The firm’s latest rhetoric around PC, mobile and subscriptions set the scene for why it feels the Activision Blizzard acquisition would be positive for the industry

Microsoft’s latest financials, and Phil Spencer’s subsequent comments during the Wall Street Journal Live event, felt like a shift in tone.

The big takeaway for some is how Microsoft, for the second quarter running, failed to hit its targets around Game Pass subscription growth.

I am reluctant to draw conclusions from results posted during the last six months. Not only has there been a significant lack of major titles, but it also covers the first full post-lockdown summer, when people actually went on holiday. It was inevitable video game targets were going to get missed, and Microsoft isn’t the only one to experience that.

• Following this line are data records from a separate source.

(* Let $n\ge 1$ and let $B\in\mathbb{R}^{n\times n}$ satisfy $B_{ij}\ge 0$ and $\sum_{j=1}^n B_{ij}\le 1$ for all $i,j$. Let $b\in\mathbb{R}^n$ be given by $b_i=1-\sum_{j=1}^n B_{ij}$, let $\zeta=\frac{1}{n^2}\sum_{i,j}\mathbb{1}(B_{ij}>0)$, let $R=\sum_{k=1}^\infty \operatorname{tr}\!\left(\frac{B^{2k}}{\zeta^k n^k}\right)$, let $r$ be the rank of $B^2$, and let $\mu_i=\frac{1}{n}\sum_{k=1}^n B_{ik}$ be the mean of the $i$-th row of $B$. Assume $\zeta n>\rho(B^2)$. Then $$R\le \frac{\sqrt{r}\left(\sum_{i=1}^n\sum_{j=1}^n (B_{ij}-\mu_i)^2+\sum_{i=1}^n(1-b_i)^2\right)}{\sigma_n(\zeta n I-B^2)}.$$
   Context: $B$ is the sub-transition matrix of a Markov generation model over $n$ words, whose full transition matrix on $n+1$ states (the last an absorbing end-of-sentence state) is $\begin{bmatrix}B & b\\ 0&1\end{bmatrix}$. $\mathbb{1}(\cdot)$ is the indicator function, $\rho(\cdot)$ the spectral radius, $\sigma_n(\cdot)$ the smallest singular value, $I$ the $n\times n$ identity matrix. *)

theory Defs
  imports "HOL-Analysis.Analysis"
begin

primrec matpow :: "real^'n^'n \<Rightarrow> nat \<Rightarrow> real^'n^'n" where
  "matpow A 0 = mat 1"
| "matpow A (Suc k) = A ** matpow A k"

definition complex_eigenvalues :: "real^'n^'n \<Rightarrow> complex set" where
  "complex_eigenvalues A =
     {l. \<exists>v::complex^'n. v \<noteq> 0 \<and>
          (\<chi> i j. complex_of_real (A $ i $ j)) *v v = l *s v}"

definition spectral_radius :: "real^'n^'n \<Rightarrow> real" where
  "spectral_radius A = Sup (cmod ` complex_eigenvalues A)"

definition smallest_singular_value :: "real^'n^'n \<Rightarrow> real" where
  "smallest_singular_value M =
     sqrt (Inf {l::real. \<exists>v::real^'n. v \<noteq> 0 \<and> (transpose M ** M) *v v = l *\<^sub>R v})"

end

theory Submission
  imports Defs "Jordan_Normal_Form.Spectral_Radius"
begin

(*
  Put P = B^2, s = zeta n and M = s I - P. As rho(P) < s, the powers of P/s tend to zero
  (Jordan normal form), so the Neumann series sum_{k >= 1} (P/s)^k converges to M^-1 P and
  R = tr (M^-1 P). A minimiser w of |M w| on the unit sphere is an eigenvector of M^T M, so
  sigma_n(M) = |M w|, whence sigma_n(M) |M^-1 u| <= |u|. The columns of P M^-1 lie in the
  range of P; expanding the trace in an orthonormal basis U of that range gives
    tr (M^-1 P) = sum_{u in U} <P^T u, M^-1 u> <= sum_{u in U} |P^T u| / sigma_n(M)
                <= sqrt (rank P) |P|_F / sigma_n(M)
  by Cauchy-Schwarz and Parseval; the Frobenius norm |P|_F is just norm P on real^'n^'n.
  Finally |B^2|_F <= |B|_F^2, and |B|_F^2 is the sum of the squared deviations from the
  row means plus sum_i (row sum i)^2 / n <= sum_i (1 - b_i)^2.
*)

no_notation Matrix.vec_index (infixl \<open>$\<close> 100)
no_notation Matrix.scalar_prod (infix \<open>\<bullet>\<close> 70)
hide_const (open) Matrix.mat Matrix.vec Matrix.orthogonal VectorSpace.subspace
  Spectral_Radius.spectral_radius

lemma matpow_Suc_right: "matpow A (Suc k) = matpow A k ** A"
  by (induction k) (simp_all add: matrix_mul_assoc)

lemma matpow_scaleR: "matpow (c *\<^sub>R A) k = c ^ k *\<^sub>R matpow A k"
  by (induction k) (simp_all add: scalar_matrix_assoc[symmetric] matrix_scalar_ac)

lemma matpow_mult_self: "matpow (A ** A) k = matpow A (2 * k)"
  by (induction k) (simp_all add: matrix_mul_assoc)

lemma trace_scaleR: "trace (c *\<^sub>R A) = c * trace (A :: real^'n^'n)"
  by (simp add: trace_def sum_distrib_left)

lemma trace_sum: "trace (\<Sum>k<K. A k) = (\<Sum>k<K. trace (A k :: real^'n^'n))" for K :: nat
  by (induction K) (simp_all add: trace_add trace_def)

lemma matrix_diff_ldistrib: "A ** (B - C) = A ** B - A ** C"
  for A :: "'a::ring_1^'n^'m" and B C :: "'a^'p^'n"
  by (simp add: matrix_matrix_mult_def Finite_Cartesian_Product.vec_eq_iff sum_subtractf
      right_diff_distrib)

lemma matrix_diff_rdistrib: "(A - B) ** C = A ** C - B ** C"
  for A B :: "'a::ring_1^'n^'m" and C :: "'a^'p^'n"
  by (simp add: matrix_matrix_mult_def Finite_Cartesian_Product.vec_eq_iff sum_subtractf
      left_diff_distrib)

(* Cartesian matrices are transferred to those of Jordan_Normal_Form, whose spectral radius
   theory we use, along a fixed enumeration of the index type. *)

definition index_enum :: "nat \<Rightarrow> 'n::finite" where
  "index_enum = (SOME f. bij_betw f {0..<CARD('n)} UNIV)"

definition index_pos :: "'n::finite \<Rightarrow> nat" where
  "index_pos = inv_into {0..<CARD('n)} index_enum"

lemma bij_betw_index_enum: "bij_betw (index_enum :: nat \<Rightarrow> 'n::finite) {0..<CARD('n)} UNIV"
proof -
  have "\<exists>f :: nat \<Rightarrow> 'n. bij_betw f {0..<CARD('n)} UNIV"
    using ex_bij_betw_nat_finite[of "UNIV :: 'n set"] by simp
  then show ?thesis
    unfolding index_enum_def by (rule someI_ex)
qed

lemma index_enum_pos [simp]: "index_enum (index_pos m) = m"
  unfolding index_pos_def using bij_betw_index_enum by (meson UNIV_I bij_betw_inv_into_right)

lemma index_pos_enum [simp]:
  assumes "i < CARD('n)"
  shows "index_pos (index_enum i :: 'n::finite) = i"
  unfolding index_pos_def
  by (rule bij_betw_inv_into_left[OF bij_betw_index_enum]) (use assms in simp)

lemma index_pos_less [simp]: "index_pos (m :: 'n::finite) < CARD('n)"
  unfolding index_pos_def using bij_betw_index_enum
  by (metis UNIV_I atLeastLessThan_iff bij_betw_def inv_into_into)

lemma index_enum_inject:
  "i < CARD('n) \<Longrightarrow> j < CARD('n) \<Longrightarrow> (index_enum i :: 'n::finite) = index_enum j \<longleftrightarrow> i = j"
  by (metis index_pos_enum)

lemma sum_index_enum: "(\<Sum>k<CARD('n). g (index_enum k :: 'n::finite)) = (\<Sum>m\<in>UNIV. g m)"
  using sum.reindex_bij_betw[OF bij_betw_index_enum, of g] by (simp add: atLeast0LessThan)

definition vec_of :: "'a^'n \<Rightarrow> 'a Matrix.vec" where
  "vec_of x = Matrix.vec CARD('n) (\<lambda>i. x $ index_enum i)"

definition complex_mat_of :: "real^'n^'n \<Rightarrow> complex Matrix.mat" where
  "complex_mat_of A = Matrix.mat CARD('n) CARD('n)
     (\<lambda>(i, j). complex_of_real (A $ index_enum i $ index_enum j))"

lemma complex_mat_of_carrier [simp]:
  "complex_mat_of (A :: real^'n^'n) \<in> carrier_mat CARD('n) CARD('n)"
  by (simp add: complex_mat_of_def)

lemma dim_complex_mat_of [simp]:
  "dim_row (complex_mat_of (A :: real^'n^'n)) = CARD('n)"
  "dim_col (complex_mat_of (A :: real^'n^'n)) = CARD('n)"
  by (simp_all add: complex_mat_of_def)

lemma vec_of_carrier [simp]: "vec_of (x :: 'a^'n) \<in> carrier_vec CARD('n)"
  by (simp add: vec_of_def)

lemma vec_of_inject: "vec_of x = vec_of y \<longleftrightarrow> x = y"
proof
  assume eq: "vec_of x = vec_of y"
  show "x = y"
  proof (rule Finite_Cartesian_Product.vec_eq_iff[THEN iffD2, rule_format])
    fix m
    have "x $ m = vec_index (vec_of x) (index_pos m)"
      by (simp add: vec_of_def)
    also have "\<dots> = y $ m"
      unfolding eq by (simp add: vec_of_def)
    finally show "x $ m = y $ m" .
  qed
qed simp

lemma vec_of_0: "vec_of (0 :: 'a::zero^'n) = 0\<^sub>v CARD('n)"
  by (rule eq_vecI) (simp_all add: vec_of_def)

lemma vec_of_smult: "vec_of (l *s x) = l \<cdot>\<^sub>v vec_of x"
  by (rule eq_vecI) (simp_all add: vec_of_def)

lemma vec_of_surj:
  "v \<in> carrier_vec CARD('n) \<Longrightarrow> v = vec_of (\<chi> m :: 'n::finite. vec_index v (index_pos m))"
  by (rule eq_vecI) (auto simp: vec_of_def)

lemma complex_mat_of_mult_vec:
  fixes A :: "real^'n^'n"
  shows "complex_mat_of A *\<^sub>v vec_of x = vec_of ((\<chi> i j. complex_of_real (A $ i $ j)) *v x)"
proof (rule eq_vecI)
  fix i
  assume "i < dim_vec (vec_of ((\<chi> i j. complex_of_real (A $ i $ j)) *v x))"
  then have i: "i < CARD('n)"
    by (simp add: vec_of_def)
  have "vec_index (complex_mat_of A *\<^sub>v vec_of x) i
      = (\<Sum>k<CARD('n). complex_of_real (A $ index_enum i $ index_enum k) * x $ index_enum k)"
    using i by (simp add: complex_mat_of_def vec_of_def scalar_prod_def atLeast0LessThan row_def)
  also have "\<dots> = (\<Sum>m\<in>UNIV. complex_of_real (A $ index_enum i $ m) * x $ m)"
    by (rule sum_index_enum)
  also have "\<dots> = vec_index (vec_of ((\<chi> i j. complex_of_real (A $ i $ j)) *v x)) i"
    using i by (simp add: vec_of_def matrix_vector_mult_def)
  finally show "vec_index (complex_mat_of A *\<^sub>v vec_of x) i
      = vec_index (vec_of ((\<chi> i j. complex_of_real (A $ i $ j)) *v x)) i" .
qed (simp add: complex_mat_of_def vec_of_def)

lemma complex_mat_of_mult:
  fixes A C :: "real^'n^'n"
  shows "complex_mat_of (A ** C) = complex_mat_of A * complex_mat_of C"
proof (rule eq_matI)
  fix i j
  assume "i < dim_row (complex_mat_of A * complex_mat_of C)"
    and "j < dim_col (complex_mat_of A * complex_mat_of C)"
  then have i: "i < CARD('n)" and j: "j < CARD('n)"
    by (simp_all add: complex_mat_of_def)
  have "(complex_mat_of A * complex_mat_of C) $$ (i, j) = (\<Sum>k<CARD('n).
      complex_of_real (A $ index_enum i $ index_enum k) *
      complex_of_real (C $ index_enum k $ index_enum j))"
    using i j by (simp add: complex_mat_of_def scalar_prod_def atLeast0LessThan)
  also have "\<dots> = (\<Sum>m\<in>UNIV.
      complex_of_real (A $ index_enum i $ m) * complex_of_real (C $ m $ index_enum j))"
    by (rule sum_index_enum)
  also have "\<dots> = complex_mat_of (A ** C) $$ (i, j)"
    using i j by (simp add: complex_mat_of_def matrix_matrix_mult_def)
  finally show "complex_mat_of (A ** C) $$ (i, j) = (complex_mat_of A * complex_mat_of C) $$ (i, j)"
    by simp
qed (simp_all add: complex_mat_of_def)

lemma complex_mat_of_one: "complex_mat_of (mat 1 :: real^'n^'n) = 1\<^sub>m CARD('n)"
  by (rule eq_matI)
    (auto simp: complex_mat_of_def Finite_Cartesian_Product.mat_def index_enum_inject)

lemma complex_mat_of_matpow: "complex_mat_of (matpow A k) = complex_mat_of A ^\<^sub>m k"
proof (induction k)
  case 0
  then show ?case
    by (simp add: complex_mat_of_one)
next
  case (Suc k)
  then show ?case
    by (simp del: matpow.simps add: matpow_Suc_right complex_mat_of_mult)
qed

lemma complex_eigenvalues_eq_spectrum:
  fixes A :: "real^'n^'n"
  shows "complex_eigenvalues A = spectrum (complex_mat_of A)"
proof -
  have eigenvector_iff: "eigenvector (complex_mat_of A) (vec_of x) l \<longleftrightarrow>
      x \<noteq> 0 \<and> (\<chi> i j. complex_of_real (A $ i $ j)) *v x = l *s x" for x l
    by (simp add: eigenvector_def complex_mat_of_mult_vec vec_of_smult[symmetric]
        vec_of_0[symmetric] vec_of_inject)
  have "l \<in> complex_eigenvalues A \<longleftrightarrow> l \<in> spectrum (complex_mat_of A)" for l
  proof
    assume "l \<in> complex_eigenvalues A"
    then show "l \<in> spectrum (complex_mat_of A)"
      unfolding complex_eigenvalues_def spectrum_def eigenvalue_def eigenvector_iff[symmetric]
      by blast
  next
    assume "l \<in> spectrum (complex_mat_of A)"
    then obtain v where v: "eigenvector (complex_mat_of A) v l"
      unfolding spectrum_def eigenvalue_def by blast
    then have "v \<in> carrier_vec CARD('n)"
      by (simp add: eigenvector_def)
    then have "v = vec_of (\<chi> m :: 'n. vec_index v (index_pos m))"
      by (rule vec_of_surj)
    with v show "l \<in> complex_eigenvalues A"
      unfolding complex_eigenvalues_def
      by (metis (mono_tags, lifting) eigenvector_iff mem_Collect_eq)
  qed
  then show ?thesis
    by blast
qed

lemma spectral_radius_complex_mat_of:
  fixes A :: "real^'n^'n"
  shows "spectral_radius A = Spectral_Radius.spectral_radius (complex_mat_of A)"
  using spectral_radius_mem_max[OF complex_mat_of_carrier[of A] zero_less_card_finite]
  unfolding Defs.spectral_radius_def complex_eigenvalues_eq_spectrum
  by (intro cSup_eq_maximum) auto

lemma cmod_le_spectral_radius:
  fixes A :: "real^'n^'n"
  shows "l \<in> complex_eigenvalues A \<Longrightarrow> cmod l \<le> spectral_radius A"
  using spectral_radius_mem_max(2)[OF complex_mat_of_carrier[of A] zero_less_card_finite]
  unfolding spectral_radius_complex_mat_of complex_eigenvalues_eq_spectrum by blast

lemma spectral_radius_attained:
  fixes A :: "real^'n^'n"
  shows "\<exists>l \<in> complex_eigenvalues A. cmod l = spectral_radius A"
  using spectral_radius_mem_max(1)[OF complex_mat_of_carrier[of A] zero_less_card_finite]
  unfolding spectral_radius_complex_mat_of complex_eigenvalues_eq_spectrum by force

lemma spectral_radius_nonneg: "0 \<le> spectral_radius A"
  using spectral_radius_attained[of A] by (metis norm_ge_zero)

lemma bounded_matpow_if_spectral_radius_less_1:
  fixes P :: "real^'n^'n"
  assumes "spectral_radius P < 1"
  shows "\<exists>c. \<forall>k i j. \<bar>matpow P k $ i $ j\<bar> \<le> c"
proof -
  obtain c where c: "\<And>k. norm_bound (complex_mat_of P ^\<^sub>m k) c"
    using spectral_radius_jnf_norm_bound_less_1_upper_triangular[OF complex_mat_of_carrier] assms
    unfolding spectral_radius_complex_mat_of by blast
  show ?thesis
  proof (intro exI allI)
    fix k and i j :: 'n
    have "norm_bound (complex_mat_of (matpow P k)) c"
      using c[of k] unfolding complex_mat_of_matpow .
    then have "norm (complex_mat_of (matpow P k) $$ (index_pos i, index_pos j)) \<le> c"
      unfolding norm_bound_def by simp
    then show "\<bar>matpow P k $ i $ j\<bar> \<le> c"
      by (simp add: complex_mat_of_def)
  qed
qed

But what was more noticeable were the comments that came alongside the news. Phil Spencer estimated that Game Pass will probably only account for around 15% of Xbox’s content and services revenue going forward and stated: “We don’t have this future where I think 50% to 70% of our revenue comes from subscriptions.”

15% sounds low when you consider the billions of dollars Microsoft has spent on games and studios to grow Game Pass

15% sounds low when you consider the billions of dollars that Microsoft has spent on games and developers, all in the name of Game Pass. Surely this wasn’t the dream?

Xbox has done a great job with Game Pass. The branding work and messaging around the service has made it the industry’s flagship subscription platform. It may not have the most users, but every other service – from PS Plus to Apple Arcade – gets compared to it.

And it’s become somewhat of a system seller, too. For the first time since the PS2 with its DVD player, a games console has a killer app that isn’t a specific video game. Microsoft announced during its financials that half of those who have bought the cheaper Xbox Series S machine are new to the Xbox ecosystem, and it’s easy to imagine that Game Pass played a part in unlocking some of those new players.

Yet despite these successes, Game Pass momentum has been held back by a series of obstacles. First, there’s the spotty release schedule – partially due to COVID-19 and the subsequent move to hybrid working. This should be a temporary situation, but the ideal of a regular cadence of big games dropping into Game Pass is still a way off. And it’s a situation made harder by the fact that AAA publishers are unwilling to put their big new titles into the service.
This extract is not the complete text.